Starting at the line that contains "text \<open>On a" and ending at the line that contains "(\<lambda>p. push_path (fst", the lines below are to be given again exactly, with nothing added.

===== SOURCE RECORDS =====

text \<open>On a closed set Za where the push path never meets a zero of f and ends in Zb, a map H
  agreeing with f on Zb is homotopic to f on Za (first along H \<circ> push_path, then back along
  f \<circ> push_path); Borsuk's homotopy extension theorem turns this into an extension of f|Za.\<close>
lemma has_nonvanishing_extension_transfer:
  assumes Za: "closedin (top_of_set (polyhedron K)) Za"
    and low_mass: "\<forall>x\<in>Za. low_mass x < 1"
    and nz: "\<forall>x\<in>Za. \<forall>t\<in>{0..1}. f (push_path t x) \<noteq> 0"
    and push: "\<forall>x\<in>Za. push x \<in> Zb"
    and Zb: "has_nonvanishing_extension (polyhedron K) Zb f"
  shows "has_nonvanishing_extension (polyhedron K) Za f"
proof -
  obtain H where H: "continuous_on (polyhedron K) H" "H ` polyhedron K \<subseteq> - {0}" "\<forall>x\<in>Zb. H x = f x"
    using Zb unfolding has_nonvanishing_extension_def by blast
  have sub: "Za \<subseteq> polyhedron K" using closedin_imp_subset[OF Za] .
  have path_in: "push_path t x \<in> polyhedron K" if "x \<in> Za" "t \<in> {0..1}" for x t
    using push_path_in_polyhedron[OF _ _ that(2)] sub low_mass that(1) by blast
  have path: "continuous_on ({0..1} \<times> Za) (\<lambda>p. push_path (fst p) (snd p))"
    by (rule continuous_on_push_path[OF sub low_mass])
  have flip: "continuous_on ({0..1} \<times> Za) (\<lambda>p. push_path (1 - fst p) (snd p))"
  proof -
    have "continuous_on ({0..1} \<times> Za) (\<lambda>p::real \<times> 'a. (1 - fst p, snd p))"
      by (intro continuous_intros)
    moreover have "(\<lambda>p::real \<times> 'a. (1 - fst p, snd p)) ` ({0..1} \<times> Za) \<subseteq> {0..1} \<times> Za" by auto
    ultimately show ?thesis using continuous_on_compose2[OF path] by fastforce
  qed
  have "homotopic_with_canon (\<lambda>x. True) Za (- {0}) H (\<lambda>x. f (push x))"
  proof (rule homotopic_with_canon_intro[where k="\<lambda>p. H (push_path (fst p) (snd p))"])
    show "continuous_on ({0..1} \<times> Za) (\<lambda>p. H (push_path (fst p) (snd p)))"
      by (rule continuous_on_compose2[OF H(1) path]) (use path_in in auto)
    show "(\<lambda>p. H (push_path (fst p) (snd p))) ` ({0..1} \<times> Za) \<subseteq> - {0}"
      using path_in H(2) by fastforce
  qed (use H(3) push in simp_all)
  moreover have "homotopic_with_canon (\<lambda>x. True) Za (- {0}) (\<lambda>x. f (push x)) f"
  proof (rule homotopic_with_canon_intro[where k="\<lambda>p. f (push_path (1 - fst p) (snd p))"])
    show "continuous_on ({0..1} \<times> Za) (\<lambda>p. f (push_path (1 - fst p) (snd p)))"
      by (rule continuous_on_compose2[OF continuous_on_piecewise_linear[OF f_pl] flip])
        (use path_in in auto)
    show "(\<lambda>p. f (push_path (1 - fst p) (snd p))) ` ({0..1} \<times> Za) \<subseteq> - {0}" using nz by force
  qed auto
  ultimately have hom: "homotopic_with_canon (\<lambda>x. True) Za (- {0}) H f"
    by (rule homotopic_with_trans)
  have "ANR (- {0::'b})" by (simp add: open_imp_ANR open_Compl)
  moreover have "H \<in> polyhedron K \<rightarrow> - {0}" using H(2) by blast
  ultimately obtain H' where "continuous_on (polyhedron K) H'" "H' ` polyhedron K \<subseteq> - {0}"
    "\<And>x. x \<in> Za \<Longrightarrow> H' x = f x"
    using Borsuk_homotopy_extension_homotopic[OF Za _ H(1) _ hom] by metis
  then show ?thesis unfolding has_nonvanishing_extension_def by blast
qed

=====
===== SOURCE RECORDS =====

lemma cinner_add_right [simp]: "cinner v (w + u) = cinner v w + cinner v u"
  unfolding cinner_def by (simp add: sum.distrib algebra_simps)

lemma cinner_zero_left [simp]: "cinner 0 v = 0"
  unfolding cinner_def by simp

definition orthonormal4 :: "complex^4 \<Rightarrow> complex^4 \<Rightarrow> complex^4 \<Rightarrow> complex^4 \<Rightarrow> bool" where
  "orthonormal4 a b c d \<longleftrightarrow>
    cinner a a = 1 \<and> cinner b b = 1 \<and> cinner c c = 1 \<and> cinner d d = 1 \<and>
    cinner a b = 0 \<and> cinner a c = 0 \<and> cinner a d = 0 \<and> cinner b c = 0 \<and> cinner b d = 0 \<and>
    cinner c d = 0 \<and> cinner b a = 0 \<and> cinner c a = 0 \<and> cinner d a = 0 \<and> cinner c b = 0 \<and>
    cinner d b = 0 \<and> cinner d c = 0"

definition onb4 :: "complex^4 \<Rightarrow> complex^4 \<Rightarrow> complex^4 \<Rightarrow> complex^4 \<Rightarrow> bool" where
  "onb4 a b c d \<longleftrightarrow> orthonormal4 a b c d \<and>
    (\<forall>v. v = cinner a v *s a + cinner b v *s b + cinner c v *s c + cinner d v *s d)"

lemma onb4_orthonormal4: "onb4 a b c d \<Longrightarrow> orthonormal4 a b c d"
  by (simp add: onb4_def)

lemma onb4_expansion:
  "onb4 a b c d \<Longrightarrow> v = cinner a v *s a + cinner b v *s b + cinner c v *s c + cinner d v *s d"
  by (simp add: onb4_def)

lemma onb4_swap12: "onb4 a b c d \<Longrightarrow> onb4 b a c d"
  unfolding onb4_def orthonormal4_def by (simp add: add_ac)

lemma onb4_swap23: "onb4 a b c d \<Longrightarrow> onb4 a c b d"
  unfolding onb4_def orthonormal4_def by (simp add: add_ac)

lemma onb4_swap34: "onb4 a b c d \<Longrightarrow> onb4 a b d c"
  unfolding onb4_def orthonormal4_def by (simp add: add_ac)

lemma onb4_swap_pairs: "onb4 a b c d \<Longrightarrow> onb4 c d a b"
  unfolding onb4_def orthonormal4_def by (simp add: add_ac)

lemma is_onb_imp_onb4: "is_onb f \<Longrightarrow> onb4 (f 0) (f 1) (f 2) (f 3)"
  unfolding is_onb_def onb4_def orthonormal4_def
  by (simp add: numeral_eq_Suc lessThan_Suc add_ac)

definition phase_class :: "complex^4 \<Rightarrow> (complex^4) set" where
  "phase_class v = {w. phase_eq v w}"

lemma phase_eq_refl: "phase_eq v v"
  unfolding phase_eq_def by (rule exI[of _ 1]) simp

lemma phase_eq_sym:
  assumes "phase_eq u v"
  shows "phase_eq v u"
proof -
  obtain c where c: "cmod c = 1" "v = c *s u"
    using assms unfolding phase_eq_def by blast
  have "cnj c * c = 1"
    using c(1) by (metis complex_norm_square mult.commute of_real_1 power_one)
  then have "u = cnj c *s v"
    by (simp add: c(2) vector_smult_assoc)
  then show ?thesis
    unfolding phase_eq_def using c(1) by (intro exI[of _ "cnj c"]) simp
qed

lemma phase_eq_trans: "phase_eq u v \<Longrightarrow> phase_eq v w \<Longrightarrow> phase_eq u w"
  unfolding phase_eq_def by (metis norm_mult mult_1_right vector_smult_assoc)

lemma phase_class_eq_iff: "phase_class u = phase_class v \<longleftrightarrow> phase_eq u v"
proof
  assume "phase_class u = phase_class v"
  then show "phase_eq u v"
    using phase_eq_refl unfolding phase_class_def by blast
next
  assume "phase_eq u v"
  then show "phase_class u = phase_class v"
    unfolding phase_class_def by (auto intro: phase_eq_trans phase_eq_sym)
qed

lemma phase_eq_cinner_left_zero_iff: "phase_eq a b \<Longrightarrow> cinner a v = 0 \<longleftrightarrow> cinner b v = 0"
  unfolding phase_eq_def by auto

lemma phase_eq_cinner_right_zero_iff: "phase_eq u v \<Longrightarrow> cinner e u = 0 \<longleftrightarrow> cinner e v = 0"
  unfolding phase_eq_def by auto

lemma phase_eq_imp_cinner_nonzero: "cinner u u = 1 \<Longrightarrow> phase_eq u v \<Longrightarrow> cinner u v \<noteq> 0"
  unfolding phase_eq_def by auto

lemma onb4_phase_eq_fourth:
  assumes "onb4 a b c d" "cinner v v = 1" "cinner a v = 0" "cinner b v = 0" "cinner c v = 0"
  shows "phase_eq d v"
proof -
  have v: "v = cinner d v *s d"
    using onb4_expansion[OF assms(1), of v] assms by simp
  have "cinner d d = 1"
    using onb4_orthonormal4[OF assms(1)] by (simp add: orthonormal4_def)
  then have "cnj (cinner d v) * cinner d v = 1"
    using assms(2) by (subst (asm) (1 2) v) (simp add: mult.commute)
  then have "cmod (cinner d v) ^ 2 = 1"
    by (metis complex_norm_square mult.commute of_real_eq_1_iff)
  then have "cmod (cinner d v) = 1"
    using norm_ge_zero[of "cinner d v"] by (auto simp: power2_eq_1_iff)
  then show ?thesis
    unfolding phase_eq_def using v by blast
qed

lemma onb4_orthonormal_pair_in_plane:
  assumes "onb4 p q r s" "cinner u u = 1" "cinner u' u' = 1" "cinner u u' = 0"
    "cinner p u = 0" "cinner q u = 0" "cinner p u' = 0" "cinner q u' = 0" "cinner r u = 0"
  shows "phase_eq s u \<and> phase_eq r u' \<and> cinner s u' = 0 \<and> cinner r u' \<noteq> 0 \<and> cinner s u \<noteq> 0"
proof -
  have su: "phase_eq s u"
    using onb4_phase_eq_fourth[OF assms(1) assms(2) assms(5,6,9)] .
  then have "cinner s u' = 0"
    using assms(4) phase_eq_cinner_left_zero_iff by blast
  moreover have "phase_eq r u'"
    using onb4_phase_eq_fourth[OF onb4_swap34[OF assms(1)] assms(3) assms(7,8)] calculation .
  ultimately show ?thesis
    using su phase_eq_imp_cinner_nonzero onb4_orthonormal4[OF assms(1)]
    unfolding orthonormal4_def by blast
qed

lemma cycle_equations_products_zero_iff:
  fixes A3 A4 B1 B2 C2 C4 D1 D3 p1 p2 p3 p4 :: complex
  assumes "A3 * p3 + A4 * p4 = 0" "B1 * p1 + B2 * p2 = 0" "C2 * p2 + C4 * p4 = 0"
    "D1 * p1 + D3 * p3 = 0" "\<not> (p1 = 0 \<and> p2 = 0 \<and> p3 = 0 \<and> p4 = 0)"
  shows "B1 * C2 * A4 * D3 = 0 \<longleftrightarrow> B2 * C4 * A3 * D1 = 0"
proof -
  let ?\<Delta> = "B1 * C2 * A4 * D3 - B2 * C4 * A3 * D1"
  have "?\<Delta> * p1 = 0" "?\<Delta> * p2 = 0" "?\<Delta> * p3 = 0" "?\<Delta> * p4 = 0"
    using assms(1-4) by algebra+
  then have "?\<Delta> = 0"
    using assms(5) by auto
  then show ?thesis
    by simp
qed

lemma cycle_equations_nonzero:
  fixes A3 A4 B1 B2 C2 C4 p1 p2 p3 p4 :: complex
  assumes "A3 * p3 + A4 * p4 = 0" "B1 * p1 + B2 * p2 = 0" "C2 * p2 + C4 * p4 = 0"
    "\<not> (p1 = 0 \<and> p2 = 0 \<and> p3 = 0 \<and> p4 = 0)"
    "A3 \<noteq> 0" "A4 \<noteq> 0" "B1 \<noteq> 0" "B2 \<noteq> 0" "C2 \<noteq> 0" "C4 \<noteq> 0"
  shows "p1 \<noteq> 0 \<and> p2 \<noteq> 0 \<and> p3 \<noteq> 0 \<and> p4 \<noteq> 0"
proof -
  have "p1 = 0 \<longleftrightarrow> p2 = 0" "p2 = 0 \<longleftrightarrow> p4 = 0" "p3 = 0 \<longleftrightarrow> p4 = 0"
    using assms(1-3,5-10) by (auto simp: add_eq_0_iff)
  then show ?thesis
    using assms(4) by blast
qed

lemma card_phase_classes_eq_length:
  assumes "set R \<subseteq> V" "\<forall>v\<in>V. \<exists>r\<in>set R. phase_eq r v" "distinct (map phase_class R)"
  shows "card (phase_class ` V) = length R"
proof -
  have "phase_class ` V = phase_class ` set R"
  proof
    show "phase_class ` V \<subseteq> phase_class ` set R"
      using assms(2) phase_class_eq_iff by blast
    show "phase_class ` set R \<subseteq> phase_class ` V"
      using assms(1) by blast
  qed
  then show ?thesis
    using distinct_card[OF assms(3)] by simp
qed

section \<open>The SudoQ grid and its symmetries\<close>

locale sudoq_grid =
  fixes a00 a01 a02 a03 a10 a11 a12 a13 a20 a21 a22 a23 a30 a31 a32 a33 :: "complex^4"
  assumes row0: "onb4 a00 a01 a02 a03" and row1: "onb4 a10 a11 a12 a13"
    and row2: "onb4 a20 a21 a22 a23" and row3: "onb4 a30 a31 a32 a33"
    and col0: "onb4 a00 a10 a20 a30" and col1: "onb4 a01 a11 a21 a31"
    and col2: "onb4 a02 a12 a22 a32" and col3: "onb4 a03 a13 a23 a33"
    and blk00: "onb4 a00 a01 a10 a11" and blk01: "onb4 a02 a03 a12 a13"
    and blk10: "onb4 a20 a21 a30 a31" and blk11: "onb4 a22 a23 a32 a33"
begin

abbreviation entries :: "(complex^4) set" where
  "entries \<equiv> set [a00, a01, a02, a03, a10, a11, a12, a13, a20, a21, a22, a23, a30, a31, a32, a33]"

=====

TASK SOLUTION:
text \<open>On a closed set Za where the push path never meets a zero of f and ends in Zb, a map H
  agreeing with f on Zb is homotopic to f on Za (first along H \<circ> push_path, then back along
  f \<circ> push_path); Borsuk's homotopy extension theorem turns this into an extension of f|Za.\<close>
lemma has_nonvanishing_extension_transfer:
  assumes Za: "closedin (top_of_set (polyhedron K)) Za"
    and low_mass: "\<forall>x\<in>Za. low_mass x < 1"
    and nz: "\<forall>x\<in>Za. \<forall>t\<in>{0..1}. f (push_path t x) \<noteq> 0"
    and push: "\<forall>x\<in>Za. push x \<in> Zb"
    and Zb: "has_nonvanishing_extension (polyhedron K) Zb f"
  shows "has_nonvanishing_extension (polyhedron K) Za f"
proof -
  obtain H where H: "continuous_on (polyhedron K) H" "H ` polyhedron K \<subseteq> - {0}" "\<forall>x\<in>Zb. H x = f x"
    using Zb unfolding has_nonvanishing_extension_def by blast
  have sub: "Za \<subseteq> polyhedron K" using closedin_imp_subset[OF Za] .
  have path_in: "push_path t x \<in> polyhedron K" if "x \<in> Za" "t \<in> {0..1}" for x t
    using push_path_in_polyhedron[OF _ _ that(2)] sub low_mass that(1) by blast
  have path: "continuous_on ({0..1} \<times> Za) (\<lambda>p. push_path (fst p) (snd p))"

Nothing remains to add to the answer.